5. Memorandum of conversation, July 21 between Rusk and Bolivian Ambassador Andrade1

[Facsimile Page 1]

SUBJECT

  • Bolivian Government’s Request for $11 million Emergency economic Assistance

PARTICIPANTS

  • The Secretary
  • Ambassador Victor Andrade
  • WST/B—Robert W. Weise, Jr.

Ambassador Andrade said he did not wish to take much of the Secretary’s time and that the principal purpose of his visit was: 1) to inquire about the status of the GOB’s memorandum handed Adlai Stevenson, and 2) to acquaint the Secretary with the urgency of the Bolivian situation. He described briefly how the Bolivian revolution had been conceived, inspired and executed; that it was an independent Revolution; that it was the desire of President Paz to maintain the independence of this movement, free from Communist domination; how communist-inspired and pro-Castro elements were endeavoring to gain control of the Government and had in fact made substantial inroads into the labor movement to now alarming proportions; and finally how the Bolivian Government on June 7, 1961 undertook decisive steps to round up and arrest the principal Communist labor leaders of the country—some thirty-five in all—through a declaration of a “state of siege”. This action, Ambassador Andrade said, involved grave risks for the Bolivian Government, since it already was confronting a serious economic crisis in which it was, in part at least, dependent upon financial assistance from the United States.

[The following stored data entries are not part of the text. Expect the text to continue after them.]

(* Let $n\ge 3$. The spectral radius of the super compacted matrix $\mathsf{SC}_n$ is the largest real root of the polynomial \[ Q_n(x) = x^{n} - 2(n-1)\sum_{j=1}^{n-1} x^{j} + 1. \]
   Context: The super compacted matrix of rank $n$ is the $n\times n$ matrix $\mathsf{SC}_n=(s_{ij})$ with: $s_{ij}=1$ if ($i\le n-2$ and $j=i+1$) or $i=n$; $s_{ij}=2$ if $i=n-2$ and $j=n$; $s_{ij}=2n-3$ if $i=n-1$ and $j<n$; $s_{ij}=2n-4$ if $i=n-1$ and $j=n$; $s_{ij}=0$ otherwise. *)

theory Defs
  imports "Jordan_Normal_Form.Spectral_Radius"
begin

text \<open>Entries of the super compacted matrix SC_n, with 1-based indices i, j in 1..n.\<close>
definition sc_entry :: "nat \<Rightarrow> nat \<Rightarrow> nat \<Rightarrow> real" where
  "sc_entry n i j =
     (if (i \<le> n - 2 \<and> j = i + 1) \<or> i = n then 1
      else if i = n - 2 \<and> j = n then 2
      else if i = n - 1 \<and> j < n then 2 * real n - 3
      else if i = n - 1 \<and> j = n then 2 * real n - 4
      else 0)"

text \<open>The super compacted matrix of rank n, as a complex n x n matrix
  (JNF matrices are 0-indexed, hence the shift by one).\<close>
definition SC :: "nat \<Rightarrow> complex mat" where
  "SC n = mat n n (\<lambda>(i, j). complex_of_real (sc_entry n (i + 1) (j + 1)))"

definition Q :: "nat \<Rightarrow> real \<Rightarrow> real" where
  "Q n x = x ^ n - 2 * (real n - 1) * (\<Sum>j = 1..n - 1. x ^ j) + 1"

end

theory Submission
  imports Defs
begin

text \<open>
  For a root x of Q_n, the vector with components (x + 1) x^k for 0 \<le> k \<le> n - 3, followed by
  (x + 1) x^(n-2) - 2 G and G, where G = 1 + x + ... + x^(n-2), is an eigenvector of SC_n with
  eigenvalue x: all rows except the (n-1)-st hold for every x, and that row is equivalent to
  Q_n(x) = 0. Since (x - 1) Q_n(x) = x^n (x - 2n + 1) + (2n - 1) x - 1, Q_n changes sign on
  [2n - 3, 2n - 1], so it has a root \<rho> > 2n - 3, and for such \<rho> the eigenvector is positive.
  A nonnegative matrix with a positive eigenvector has the corresponding eigenvalue as its
  spectral radius, so \<rho> is the spectral radius, and it dominates every positive root of Q_n
  because those are eigenvalues as well.
\<close>

lemma eigenvalue_norm_le_positive_eigenvector:
  fixes A :: "real mat" and u :: "real vec"
  assumes A: "A \<in> carrier_mat n n"
    and A_nonneg: "\<And>i j. i < n \<Longrightarrow> j < n \<Longrightarrow> A $$ (i, j) \<ge> 0"
    and u: "u \<in> carrier_vec n" "\<And>i. i < n \<Longrightarrow> u $ i > 0"
    and Au: "A *\<^sub>v u = \<rho> \<cdot>\<^sub>v u"
    and ev: "eigenvalue (map_mat complex_of_real A) \<mu>"
  shows "norm \<mu> \<le> \<rho>"
proof -
  obtain w where w: "w \<in> carrier_vec n" "w \<noteq> 0\<^sub>v n"
      and Aw: "map_mat complex_of_real A *\<^sub>v w = \<mu> \<cdot>\<^sub>v w"
    using ev A unfolding eigenvalue_def eigenvector_def by auto
  obtain i0 where i0: "i0 < n" "w $ i0 \<noteq> 0"
    using w by (metis eq_vecI carrier_vecD index_zero_vec)
  define ratio where "ratio i = norm (w $ i) / u $ i" for i
  have "finite (ratio ` {..<n})" "ratio ` {..<n} \<noteq> {}" using i0(1) by auto
  then obtain k where k: "k < n" and k_max: "ratio k = Max (ratio ` {..<n})"
    by (metis Max_in imageE lessThan_iff)
  have ratio_max: "ratio j \<le> ratio k" if "j < n" for j
    using that k_max \<open>finite (ratio ` {..<n})\<close> by simp
  define c where "c = ratio k"
  have "ratio i0 > 0" using i0 u(2)[OF i0(1)] by (simp add: ratio_def)
  hence "c > 0" using ratio_max[OF i0(1)] by (simp add: c_def)
  have w_le: "norm (w $ j) \<le> c * u $ j" if "j < n" for j
    using ratio_max[OF that] u(2)[OF that] by (simp add: c_def ratio_def pos_divide_le_eq)
  have wk: "norm (w $ k) = c * u $ k" using u(2)[OF k] by (simp add: c_def ratio_def)
  have "norm \<mu> * norm (w $ k) = norm (\<Sum>j<n. complex_of_real (A $$ (k, j)) * w $ j)"
    using arg_cong[OF Aw, of "\<lambda>v. v $ k"] A w(1) k
    by (simp add: norm_mult scalar_prod_def atLeast0LessThan)
  also have "\<dots> \<le> (\<Sum>j<n. A $$ (k, j) * norm (w $ j))"
    using norm_sum[of "\<lambda>j. complex_of_real (A $$ (k, j)) * w $ j" "{..<n}"] A_nonneg[OF k]
    by (simp add: norm_mult)
  also have "\<dots> \<le> (\<Sum>j<n. A $$ (k, j) * (c * u $ j))"
    by (intro sum_mono mult_left_mono w_le A_nonneg[OF k]) auto
  also have "\<dots> = c * (A *\<^sub>v u) $ k"
    using A u(1) k by (simp add: scalar_prod_def atLeast0LessThan sum_distrib_left ac_simps)
  also have "\<dots> = \<rho> * norm (w $ k)" using Au u(1) k wk by simp
  finally show ?thesis using \<open>c > 0\<close> u(2)[OF k] wk by (simp add: mult_le_cancel_right)
qed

During the visit of Adlai Stevenson to La Paz on July 16, 1961, Ambassador Stevenson was handed a memorandum from the Bolivian Government in which the latter made application for an emergency loan of eleven million dollars to cover Bolivia’s critical needs pending the re-establishment of social peace and the stabilization of the tin industry under the so-called “triangular operation” in which the USG, the Federal Republic of Germany and the Inter-American [Facsimile Page 2] Development Bank will participate. Ambassador Andrade said his Government was very much concerned as to what consideration was being given to this memorandum of the GOB, since the “state of siege” would end in fifty [Typeset Page 13] days and the Bolivian Government would have to determine what steps it would take next in meeting the immediate social and political crisis.

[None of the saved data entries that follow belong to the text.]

lemma tendsto_deriv_gfun_boundary:
  assumes "t < 1"
  shows "(deriv (gfun n t) \<longlongrightarrow> boundary_slope n t) (at_right (Bstar n * sqrt (1 - t)))"
    and "(deriv (gfun n t) \<longlongrightarrow> - boundary_slope n t) (at_left (- Bstar n * sqrt (1 - t)))"
proof -
  define s c where "s = sqrt (1 - t)" and "c = jfun n (Bstar n)"
  define a where "a = Bstar n * s"
  define gR' where "gR' x = real (2*n+1) * x ^ (2*n) - s ^ (2*n) * c * Fq (2*n+2) (- (x / s))" for x
  define gL' where "gL' x = s ^ (2*n) * c * Fq (2*n+2) (x / s) - real (2*n+1) * x ^ (2*n)" for x
  have "0 < s" "0 < a"
    using assms Bstar_pos[of n] by (simp_all add: s_def a_def)
  have gfun_right: "gfun n t x = s ^ (2*n+1) * c * Fq (2*n+1) (- (x / s)) + x ^ (2*n+1)"
    if "x \<in> {a<..<a + 1}" for x
    using gfun_eq_of_pos[OF assms] that \<open>0 < a\<close> by (simp add: s_def c_def)
  have gfun_left: "gfun n t x = s ^ (2*n+1) * c * Fq (2*n+1) (x / s) - x ^ (2*n+1)"
    if "x \<in> {- a - 1<..<- a}" for x
    using gfun_eq_of_nonpos[OF assms] that \<open>0 < a\<close> by (simp add: s_def c_def)
  have dpow: "((\<lambda>x. x ^ (2*n+1)) has_real_derivative real (2*n+1) * x ^ (2*n)) (at x)" for x
    using DERIV_pow[of "2*n+1" x] by simp
  have deriv_right: "((\<lambda>x. s ^ (2*n+1) * c * Fq (2*n+1) (- (x / s)) + x ^ (2*n+1))
      has_real_derivative gR' x) (at x)" for x
    unfolding gR'_def diff_conv_add_uminus add.commute[of _ \<open>- _\<close>] using \<open>0 < s\<close>
    by (intro DERIV_add dpow) (auto intro!: derivative_eq_intros simp: field_simps)
  have deriv_left: "((\<lambda>x. s ^ (2*n+1) * c * Fq (2*n+1) (x / s) - x ^ (2*n+1))
      has_real_derivative gL' x) (at x)" for x
    unfolding gL'_def using \<open>0 < s\<close>
    by (intro DERIV_diff dpow) (auto intro!: derivative_eq_intros simp: field_simps)
  have cont: "isCont gR' x" "isCont gL' x" for x
    unfolding gR'_def gL'_def using \<open>0 < s\<close> by (safe intro!: continuous_intros) simp_all
  have "(deriv (gfun n t) \<longlongrightarrow> gR' a) (at_right a)"
    by (rule tendsto_deriv_if_eq_on_open[OF _ eventually_at_right_real[of a "a + 1"]
          gfun_right deriv_right cont(1)]) auto
  moreover have "(deriv (gfun n t) \<longlongrightarrow> gL' (- a)) (at_left (- a))"
    by (rule tendsto_deriv_if_eq_on_open[OF _ eventually_at_left_real[of "- a - 1"]
          gfun_left deriv_left cont(2)]) auto
  moreover have "gR' a = boundary_slope n t" "gL' (- a) = - boundary_slope n t"
  proof -
    have "gR' a - boundary_slope n t
        = s ^ (2*n) * (real (2*n+1) * Bstar n ^ (2*n) - c * Fq (2*n+2) (Bstar n))"
      "gL' (- a) + boundary_slope n t
        = s ^ (2*n) * (c * Fq (2*n+2) (Bstar n) - real (2*n+1) * Bstar n ^ (2*n))"
      using \<open>0 < s\<close> by (simp_all add: gR'_def gL'_def a_def s_def c_def boundary_slope_def
          power_mult_distrib algebra_simps)
    then show "gR' a = boundary_slope n t" "gL' (- a) = - boundary_slope n t"
      unfolding c_def jfun_Bstar_mult_Fq by simp_all
  qed
  ultimately show "(deriv (gfun n t) \<longlongrightarrow> boundary_slope n t) (at_right (Bstar n * sqrt (1 - t)))"
    "(deriv (gfun n t) \<longlongrightarrow> - boundary_slope n t) (at_left (- Bstar n * sqrt (1 - t)))"
    unfolding a_def s_def by simp_all
qed

theorem lemma4p5:
  fixes n :: nat and t :: real
  assumes "0 \<le> t" and "t < 1"
  shows "(\<exists>L. ((\<lambda>x. deriv (Jstar n t) x) \<longlongrightarrow> L) (at_left (Bstar n * sqrt (1 - t)))
             \<and> ((\<lambda>x. deriv (gfun n t) x) \<longlongrightarrow> L) (at_right (Bstar n * sqrt (1 - t))))
       \<and> (\<exists>L. ((\<lambda>x. deriv (Jstar n t) x) \<longlongrightarrow> L) (at_right (- Bstar n * sqrt (1 - t)))
             \<and> ((\<lambda>x. deriv (gfun n t) x) \<longlongrightarrow> L) (at_left (- Bstar n * sqrt (1 - t))))"
  using tendsto_deriv_Jstar_boundary[OF assms(2)] tendsto_deriv_gfun_boundary[OF assms(2)]
  by blast

end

The Secretary informed Ambassador Andrade that careful and serious consideration was being given to the GOB memorandum; that although the USG was prohibited under the mutual security legislation from financing the internal debts of any country, we were studying ways in which the US could assist Bolivia in meeting its present crisis in areas where our assistance would contribute to economic progress and long-range development.

  1. Bolivian Government request for $11 million emergency economic assistance. Confidential. 2 pp. DOS, Secretary’s Memoranda of Conversation: Lot 65 D 330.